You have to configure it correctly:

http://www.scim-im.org/wiki/documentation/install_configure/all/configuration_of_system

----------

## arapov

I installed skim, recompiled programs with USE=cjk. How to switch layout? I start kate/kwrite, what I should do to write chinese ?

----------

## liuspider

what layout?
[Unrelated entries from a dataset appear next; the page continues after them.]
instantiation cmat :: (finite) real_normed_vector
begin
lift_definition scaleR_cmat :: "real \<Rightarrow> 'a cmat \<Rightarrow> 'a cmat" is scaleR .
lift_definition norm_cmat :: "'a cmat \<Rightarrow> real" is "\<lambda>A. onorm ((*v) A)" .
definition dist_cmat :: "'a cmat \<Rightarrow> 'a cmat \<Rightarrow> real" where "dist_cmat A B = norm (A - B)"
definition sgn_cmat :: "'a cmat \<Rightarrow> 'a cmat" where "sgn_cmat A = inverse (norm A) *\<^sub>R A"
definition uniformity_cmat :: "('a cmat \<times> 'a cmat) filter" where
  "uniformity_cmat = (INF e\<in>{0<..}. principal {(A, B). dist A B < e})"
definition open_cmat :: "'a cmat set \<Rightarrow> bool" where
  "open_cmat S = (\<forall>A\<in>S. \<forall>\<^sub>F (A', B) in uniformity. A' = A \<longrightarrow> B \<in> S)"
instance
proof
  fix a b :: real and A B :: "'a cmat"
  show "a *\<^sub>R (A + B) = a *\<^sub>R A + a *\<^sub>R B" by transfer (rule scaleR_right_distrib)
  show "(a + b) *\<^sub>R A = a *\<^sub>R A + b *\<^sub>R A" by transfer (rule scaleR_left_distrib)
  show "a *\<^sub>R b *\<^sub>R A = (a * b) *\<^sub>R A" by transfer simp
  show "1 *\<^sub>R A = A" by transfer simp
  show "norm A = 0 \<longleftrightarrow> A = 0"
    by transfer (simp add: onorm_eq_0 matrix_eq)
  show "norm (A + B) \<le> norm A + norm B"
  proof transfer
    fix A B :: "complex^'a^'a"
    have "(*v) (A + B) = (\<lambda>x. A *v x + B *v x)"
      by (simp add: fun_eq_iff matrix_vector_mult_add_rdistrib)
    then show "onorm ((*v) (A + B)) \<le> onorm ((*v) A) + onorm ((*v) B)"
      by (simp add: onorm_triangle)
  qed
  show "norm (a *\<^sub>R A) = \<bar>a\<bar> * norm A"
  proof transfer
    fix a and A :: "complex^'a^'a"
    have "(*v) (a *\<^sub>R A) = (\<lambda>x. a *\<^sub>R (A *v x))"
      by (simp add: fun_eq_iff vec_eq_iff matrix_vector_mult_def scaleR_sum_right)
    then show "onorm ((*v) (a *\<^sub>R A)) = \<bar>a\<bar> * onorm ((*v) A)"
      by (simp add: onorm_scaleR)
  qed
qed (simp_all add: dist_cmat_def sgn_cmat_def uniformity_cmat_def open_cmat_def)
end

instance cmat :: (finite) real_normed_algebra_1
proof
  fix a :: real and A B :: "'a cmat"
  show "a *\<^sub>R A * B = a *\<^sub>R (A * B)" by transfer (simp add: scalar_matrix_assoc)
  show "A * a *\<^sub>R B = a *\<^sub>R (A * B)" by transfer (simp add: matrix_scalar_ac scalar_matrix_assoc)
  show "norm (A * B) \<le> norm A * norm B"
  proof transfer
    fix A B :: "complex^'a^'a"
    have "(*v) (A ** B) = (*v) A \<circ> (*v) B"
      by (simp add: fun_eq_iff matrix_vector_mul_assoc)
    then show "onorm ((*v) (A ** B)) \<le> onorm ((*v) A) * onorm ((*v) B)"
      by (simp add: onorm_compose)
  qed
  have "(*v) (mat 1 :: complex^'a^'a) = (\<lambda>x. x)"
    by (simp add: fun_eq_iff)
  then show "norm (1::'a cmat) = 1"
    by transfer (simp add: onorm_id)
qed

lemma norm_vec_le_sum: "norm x \<le> (\<Sum>i\<in>UNIV. norm (x $ i))"
  by (simp add: norm_vec_def L2_set_le_sum)

lemma cmat_entry_le_norm: "cmod (Rep_cmat A $ i $ j) \<le> norm A"
proof -
  have "Rep_cmat A $ i $ j = (Rep_cmat A *v axis j 1) $ i"
    by (simp add: matrix_vector_mult_def axis_def if_distrib[where f = "\<lambda>c. _ * c"] cong: if_cong)
  also have "cmod \<dots> \<le> norm (Rep_cmat A *v axis j 1)"
    by (rule Finite_Cartesian_Product.norm_nth_le)
  also have "\<dots> \<le> onorm ((*v) (Rep_cmat A))"
    using onorm[OF matrix_vector_mul_bounded_linear, of "Rep_cmat A" "axis j 1"] by simp
  finally show ?thesis
    by (simp add: norm_cmat.rep_eq)
qed

lemma norm_cmat_le_entries:
  fixes A :: "'n::finite cmat"
  assumes "\<And>i j. cmod (Rep_cmat A $ i $ j) \<le> b"
  shows "norm A \<le> real CARD('n) ^ 2 * b"
  unfolding norm_cmat.rep_eq
proof (rule onorm_le)
  fix x :: "complex^'n"
  have "norm (Rep_cmat A *v x) \<le> (\<Sum>i\<in>UNIV. cmod ((Rep_cmat A *v x) $ i))"
    by (rule norm_vec_le_sum)
  also have "\<dots> \<le> (\<Sum>i\<in>(UNIV::'n set). \<Sum>j\<in>(UNIV::'n set). b * norm x)"
  proof (rule sum_mono)
    fix i
    have "cmod ((Rep_cmat A *v x) $ i) \<le> (\<Sum>j\<in>UNIV. cmod (Rep_cmat A $ i $ j) * cmod (x $ j))"
      unfolding matrix_vector_mult_def by (simp add: order.trans[OF norm_sum] norm_mult)
    also have "\<dots> \<le> (\<Sum>j\<in>(UNIV::'n set). b * norm x)"
      by (rule sum_mono, rule mult_mono)
        (auto intro: assms Finite_Cartesian_Product.norm_nth_le order.trans[OF norm_ge_zero assms])
    finally show "cmod ((Rep_cmat A *v x) $ i) \<le> (\<Sum>j\<in>(UNIV::'n set). b * norm x)" .
  qed
  finally show "norm (Rep_cmat A *v x) \<le> real CARD('n) ^ 2 * b * norm x"
    by (simp add: power2_eq_square)
qed

lemma norm_Rep_cmat_le: "norm (Rep_cmat A) \<le> norm A * real CARD('n) ^ 2"
  for A :: "'n::finite cmat"
proof -
  have "norm (Rep_cmat A) \<le> (\<Sum>i\<in>(UNIV::'n set). \<Sum>j\<in>(UNIV::'n set). norm A)"
    by (rule order.trans[OF norm_vec_le_sum])
       (intro sum_mono order.trans[OF norm_vec_le_sum] cmat_entry_le_norm)
  then show ?thesis
    by (simp add: power2_eq_square mult_ac)
qed

lemma bounded_linear_Rep_cmat: "bounded_linear (Rep_cmat :: 'n::finite cmat \<Rightarrow> _)"
  by (rule bounded_linear_intro[where K = "real CARD('n) ^ 2"])
     (simp_all add: plus_cmat.rep_eq scaleR_cmat.rep_eq norm_Rep_cmat_le)

lemma bounded_linear_Abs_cmat: "bounded_linear (Abs_cmat :: complex^'n^'n \<Rightarrow> 'n::finite cmat)"
proof (rule bounded_linear_intro[where K = "real CARD('n) ^ 2"])
  fix M :: "complex^'n^'n"
  have "cmod (Rep_cmat (Abs_cmat M) $ i $ j) \<le> norm M" for i j
    using Finite_Cartesian_Product.norm_nth_le[where x = "M $ i" and i = j]
      Finite_Cartesian_Product.norm_nth_le[where x = M and i = i]
    by (simp add: Abs_cmat_inverse)
  then show "norm (Abs_cmat M) \<le> norm M * real CARD('n) ^ 2"
    by (subst mult.commute) (rule norm_cmat_le_entries)
qed (simp_all add: plus_cmat_def scaleR_cmat_def Abs_cmat_inverse)

instance cmat :: (finite) banach
proof
  fix X :: "nat \<Rightarrow> 'a cmat"
  assume "Cauchy X"
  then have "Cauchy (\<lambda>k. Rep_cmat (X k))"
    by (rule bounded_linear.Cauchy[OF bounded_linear_Rep_cmat])
  then obtain L where "(\<lambda>k. Rep_cmat (X k)) \<longlonglongrightarrow> L"
    using convergent_def Cauchy_convergent_iff by blast
  then have "(\<lambda>k. Abs_cmat (Rep_cmat (X k))) \<longlonglongrightarrow> Abs_cmat L"
    by (rule bounded_linear.tendsto[OF bounded_linear_Abs_cmat])
  then show "convergent X"
    by (auto simp: convergent_def Rep_cmat_inverse)
qed

section \<open>Conjugation by exponentials in a Banach algebra\<close>

definition bracket :: "'a::ring \<Rightarrow> 'a \<Rightarrow> 'a" where
  "bracket A B = A * B - B * A"

lemma bracket_minus_left [simp]: "bracket (- A) B = - bracket A B"
  by (simp add: bracket_def)

lemma bracket_minus_right [simp]: "bracket A (- B) = - bracket A B"
  by (simp add: bracket_def)

lemma bracket_swap: "bracket B A = - bracket A B"
  by (simp add: bracket_def)

definition Ad :: "'a::{real_normed_algebra_1,banach} \<Rightarrow> 'a \<Rightarrow> 'a" where
  "Ad A N = exp A * N * exp (- A)"

lemma Ad_0 [simp]: "Ad 0 N = N"
  by (simp add: Ad_def)

lemma Ad_minus_right: "Ad A (- N) = - Ad A N"
  by (simp add: Ad_def)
You mean to use US keyboard layout?

If you configured it correctly, you can activate it by "ctrl+space"

----------

## arapov

I have trigger [ctrl-space] in Global Settings->Xwindow ... but ctrl-space not working. 

What it can be?

----------

## EricHsu

hi, arapov,

Please check this thread, may it be helpful for you  :Smile: 

----------

## anonymousness

i hava done #LINGUAS="zh_CN" emerge kde-i18n，but chinese support did not come ture yet,under kde-3.5,the simple chinese appeared in languages list ,but chinese still display pane，HELP!!!!!!!

----------

## Halahad

 *anonymousness wrote:*   

> i hava done #LINGUAS="zh_CN" emerge kde-i18n，but chinese support did not come ture yet,under kde-3.5,the simple chinese appeared in languages list ,but chinese still display pane，HELP!!!!!!!

 

I don't know to much about kde, You must set Chinese locale to get a working env.

----------

## SeaTiger

First of all, does your girlfriend want traditional Chinese or simplified Chinese, they are different.

Second, are you using 64-bit? That will need more steps.

----------